• _STUDY MATERIAL_
(* Let $R$ be a commutative ring with $1\neq 0$ and $M$ a faithful prime $R$-module which is a comultiplication module satisfying the double annihilator condition (i.e., $M$ is $S$-strong comultiplication for $S=\{1\}$). If $N$ is a submodule of $M$ such that $N=(0:_M I)$ for some essential ideal $I$ of $R$, then $N$ is a small submodule of $M$.
   Context: All rings are commutative with $1\neq 0$ and all modules are unital. For an ideal $I$ of $R$, $(0:_M I)=\{m\in M: Im=0\}$; $\mathrm{Ann}_R(X)=\{r\in R: rX=0\}$; $M$ is faithful if $\mathrm{Ann}_R(M)=0$; $M$ is prime if $\mathrm{Ann}_R(L)=\mathrm{Ann}_R(M)$ for every nonzero submodule $L$ of $M$. $M$ is a comultiplication module if for each submodule $N$ of $M$ there is an ideal $I$ of $R$ with $N=(0:_M I)$. $M$ satisfies the double annihilator condition if $\mathrm{Ann}_R((0:_M I))\subseteq I$ for every ideal $I$ of $R$. An ideal $I$ is essential in $R$ if $I\cap J=0$ implies $J=0$ for ideals $J$; a submodule $N$ is small in $M$ if $M=N+L$ implies $L=M$. *)

theory Defs
  imports "HOL-Algebra.Module" "HOL-Algebra.Ideal"
begin

definition ann_sub :: "('a, 'c) ring_scheme \<Rightarrow> ('a, 'b, 'd) module_scheme \<Rightarrow> 'a set \<Rightarrow> 'b set" where
  "ann_sub R M I = {m \<in> carrier M. \<forall>a\<in>I. a \<odot>\<^bsub>M\<^esub> m = \<zero>\<^bsub>M\<^esub>}"

definition Ann :: "('a, 'c) ring_scheme \<Rightarrow> ('a, 'b, 'd) module_scheme \<Rightarrow> 'b set \<Rightarrow> 'a set" where
  "Ann R M X = {r \<in> carrier R. \<forall>x\<in>X. r \<odot>\<^bsub>M\<^esub> x = \<zero>\<^bsub>M\<^esub>}"

definition faithful_module :: "('a, 'c) ring_scheme \<Rightarrow> ('a, 'b, 'd) module_scheme \<Rightarrow> bool" where
  "faithful_module R M \<longleftrightarrow> Ann R M (carrier M) = {\<zero>\<^bsub>R\<^esub>}"

definition prime_module :: "('a, 'c) ring_scheme \<Rightarrow> ('a, 'b, 'd) module_scheme \<Rightarrow> bool" where
  "prime_module R M \<longleftrightarrow>
     (\<forall>L. submodule L R M \<and> L \<noteq> {\<zero>\<^bsub>M\<^esub>} \<longrightarrow> Ann R M L = Ann R M (carrier M))"

definition comultiplication_module :: "('a, 'c) ring_scheme \<Rightarrow> ('a, 'b, 'd) module_scheme \<Rightarrow> bool" where
  "comultiplication_module R M \<longleftrightarrow>
     (\<forall>N. submodule N R M \<longrightarrow> (\<exists>I. ideal I R \<and> N = ann_sub R M I))"

definition double_annihilator_condition :: "('a, 'c) ring_scheme \<Rightarrow> ('a, 'b, 'd) module_scheme \<Rightarrow> bool" where
  "double_annihilator_condition R M \<longleftrightarrow>
     (\<forall>I. ideal I R \<longrightarrow> Ann R M (ann_sub R M I) \<subseteq> I)"

definition essential_ideal :: "'a set \<Rightarrow> ('a, 'c) ring_scheme \<Rightarrow> bool" where
  "essential_ideal I R \<longleftrightarrow> ideal I R \<and>
     (\<forall>J. ideal J R \<longrightarrow> I \<inter> J = {\<zero>\<^bsub>R\<^esub>} \<longrightarrow> J = {\<zero>\<^bsub>R\<^esub>})"

definition submodule_sum :: "('a, 'b, 'd) module_scheme \<Rightarrow> 'b set \<Rightarrow> 'b set \<Rightarrow> 'b set" where
  "submodule_sum M N L = {n \<oplus>\<^bsub>M\<^esub> l | n l. n \<in> N \<and> l \<in> L}"

definition small_submodule :: "'b set \<Rightarrow> ('a, 'c) ring_scheme \<Rightarrow> ('a, 'b, 'd) module_scheme \<Rightarrow> bool" where
  "small_submodule N R M \<longleftrightarrow> submodule N R M \<and>
     (\<forall>L. submodule L R M \<longrightarrow> submodule_sum M N L = carrier M \<longrightarrow> L = carrier M)"

end

theory Submission
  imports Defs
begin

(* If N + L = M with N = (0 :_M I), then I \<inter> Ann(L) kills M, so by faithfulness it is zero
   and, I being essential, Ann(L) = 0.  Writing L = (0 :_M J) by the comultiplication property,
   J \<subseteq> Ann(L) = 0, hence L = M. *)

lemma (in module) ann_sub_submodule:
  assumes "I \<subseteq> carrier R"
  shows "submodule (ann_sub R M I) R M"
proof (rule submoduleI)
  show "ann_sub R M I \<subseteq> carrier M" by (auto simp: ann_sub_def)
  show "\<zero>\<^bsub>M\<^esub> \<in> ann_sub R M I" using assms by (auto simp: ann_sub_def)
next
  fix a assume "a \<in> ann_sub R M I"
  then show "\<ominus>\<^bsub>M\<^esub> a \<in> ann_sub R M I"
    using assms by (auto simp: ann_sub_def smult_r_minus subsetD)
next
  fix a b assume "a \<in> ann_sub R M I" "b \<in> ann_sub R M I"
  then show "a \<oplus>\<^bsub>M\<^esub> b \<in> ann_sub R M I"
    using assms by (auto simp: ann_sub_def smult_r_distr subsetD)
next
  fix a x assume a: "a \<in> carrier R" and x: "x \<in> ann_sub R M I"
  have "b \<odot>\<^bsub>M\<^esub> (a \<odot>\<^bsub>M\<^esub> x) = \<zero>\<^bsub>M\<^esub>" if b: "b \<in> I" for b
  proof -
    have bc: "b \<in> carrier R" and xc: "x \<in> carrier M"
      using b x assms by (auto simp: ann_sub_def)
    have "b \<odot>\<^bsub>M\<^esub> (a \<odot>\<^bsub>M\<^esub> x) = a \<odot>\<^bsub>M\<^esub> (b \<odot>\<^bsub>M\<^esub> x)"
      using a bc xc by (simp add: smult_assoc1[symmetric] R.m_comm)
    also have "\<dots> = \<zero>\<^bsub>M\<^esub>" using x b a by (auto simp: ann_sub_def)
    finally show ?thesis .
  qed
  then show "a \<odot>\<^bsub>M\<^esub> x \<in> ann_sub R M I"
    using a x by (auto simp: ann_sub_def)
qed

lemma (in module) Ann_ideal:
  assumes "X \<subseteq> carrier M"
  shows "ideal (Ann R M X) R"
proof (rule idealI)
  show "ring R" by (rule R.ring_axioms)
  show "subgroup (Ann R M X) (add_monoid R)"
  proof
    show "Ann R M X \<subseteq> carrier (add_monoid R)" by (auto simp: Ann_def)
    show "\<one>\<^bsub>add_monoid R\<^esub> \<in> Ann R M X" using assms by (auto simp: Ann_def)
  next
    fix x y assume "x \<in> Ann R M X" "y \<in> Ann R M X"
    then show "x \<otimes>\<^bsub>add_monoid R\<^esub> y \<in> Ann R M X"
      using assms by (auto simp: Ann_def smult_l_distr subsetD)
  next
    fix x assume "x \<in> Ann R M X"
    then show "inv\<^bsub>add_monoid R\<^esub> x \<in> Ann R M X"
      using assms by (auto simp: Ann_def smult_l_minus subsetD a_inv_def[symmetric])
  qed
next
  fix a x assume a: "a \<in> Ann R M X" and x: "x \<in> carrier R"
  then show "x \<otimes>\<^bsub>R\<^esub> a \<in> Ann R M X"
    using assms by (auto simp: Ann_def smult_assoc1 subsetD)
  then show "a \<otimes>\<^bsub>R\<^esub> x \<in> Ann R M X"
    using a x by (auto simp: Ann_def R.m_comm)
qed

lemma (in module) Ann_inter_subset_Ann_submodule_sum:
  assumes "N \<subseteq> carrier M" "L \<subseteq> carrier M"
  shows "Ann R M N \<inter> Ann R M L \<subseteq> Ann R M (submodule_sum M N L)"
  using assms by (auto simp: Ann_def submodule_sum_def smult_r_distr subsetD)

lemma subset_Ann_ann_sub:
  assumes "J \<subseteq> carrier R"
  shows "J \<subseteq> Ann R M (ann_sub R M J)"
  using assms by (auto simp: Ann_def ann_sub_def)

lemma ann_sub_eq_carrier:
  assumes "J \<subseteq> Ann R M (carrier M)"
  shows "ann_sub R M J = carrier M"
  using assms by (auto simp: Ann_def ann_sub_def)

lemma (in module) Ann_eq_zero_if_ann_sub_essential_plus_eq_carrier:
  assumes "faithful_module R M" "essential_ideal I R"
    and "L \<subseteq> carrier M" "submodule_sum M (ann_sub R M I) L = carrier M"
  shows "Ann R M L = {\<zero>\<^bsub>R\<^esub>}"
proof -
  have I: "ideal I R" and Ic: "I \<subseteq> carrier R"
    using assms(2) by (auto simp: essential_ideal_def ideal_def additive_subgroup_def subgroup_def)
  have "I \<inter> Ann R M L \<subseteq> Ann R M (carrier M)"
    using Ann_inter_subset_Ann_submodule_sum[of "ann_sub R M I" L] subset_Ann_ann_sub[OF Ic]
      assms(3,4) by (auto simp: ann_sub_def)
  also have "\<dots> = {\<zero>\<^bsub>R\<^esub>}" using assms(1) by (simp add: faithful_module_def)
  finally have "I \<inter> Ann R M L = {\<zero>\<^bsub>R\<^esub>}"
    using I Ann_ideal[OF assms(3)] by (auto simp: ideal_def additive_subgroup.zero_closed)
  then show ?thesis
    using assms(2) Ann_ideal[OF assms(3)] by (simp add: essential_ideal_def)
qed

lemma (in module) submodule_eq_carrier_if_Ann_eq_zero:
  assumes "faithful_module R M" "comultiplication_module R M"
    and "submodule L R M" "Ann R M L = {\<zero>\<^bsub>R\<^esub>}"
  shows "L = carrier M"
proof -
  obtain J where J: "ideal J R" "L = ann_sub R M J"
    using assms(2,3) by (auto simp: comultiplication_module_def)
  then have "J \<subseteq> carrier R"
    by (simp add: ideal_def additive_subgroup_def subgroup_def)
  then have "J \<subseteq> Ann R M (carrier M)"
    using subset_Ann_ann_sub[of J R M] J(2) assms(1,4) by (simp add: faithful_module_def)
  then show ?thesis using J(2) ann_sub_eq_carrier by metis
qed

theorem proposition2p4:
  fixes R :: "('a, 'c) ring_scheme" and M :: "('a, 'b, 'd) module_scheme"
  assumes "module R M"
    and "\<one>\<^bsub>R\<^esub> \<noteq> \<zero>\<^bsub>R\<^esub>"
    and "faithful_module R M"
    and "prime_module R M"
    and "comultiplication_module R M"
    and "double_annihilator_condition R M"
    and "essential_ideal I R"
    and "N = ann_sub R M I"
  shows "small_submodule N R M"
proof -
  interpret module R M by fact
  have "I \<subseteq> carrier R"
    using assms(7) by (auto simp: essential_ideal_def ideal_def additive_subgroup_def subgroup_def)
  then have "submodule N R M" using ann_sub_submodule assms(8) by simp
  moreover have "L = carrier M"
    if L: "submodule L R M" and sum: "submodule_sum M N L = carrier M" for L
  proof -
    have "L \<subseteq> carrier M" using L submodule.axioms(1) subgroup.subset by fastforce
    then have "Ann R M L = {\<zero>\<^bsub>R\<^esub>}"
      using Ann_eq_zero_if_ann_sub_essential_plus_eq_carrier assms(3,7,8) sum by blast
    then show ?thesis using submodule_eq_carrier_if_Ann_eq_zero assms(3,5) L by blast
  qed
  ultimately show ?thesis by (simp add: small_submodule_def)
qed

end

• _WORK REQUEST_
Scan the data for the word "also" and copy every line where it shows up.

• _FINISHED TASK_
    also have "\<dots> = \<zero>\<^bsub>M\<^esub>" using x b a by (auto simp: ann_sub_def)
  also have "\<dots> = {\<zero>\<^bsub>R\<^esub>}" using assms(1) by (simp add: faithful_module_def)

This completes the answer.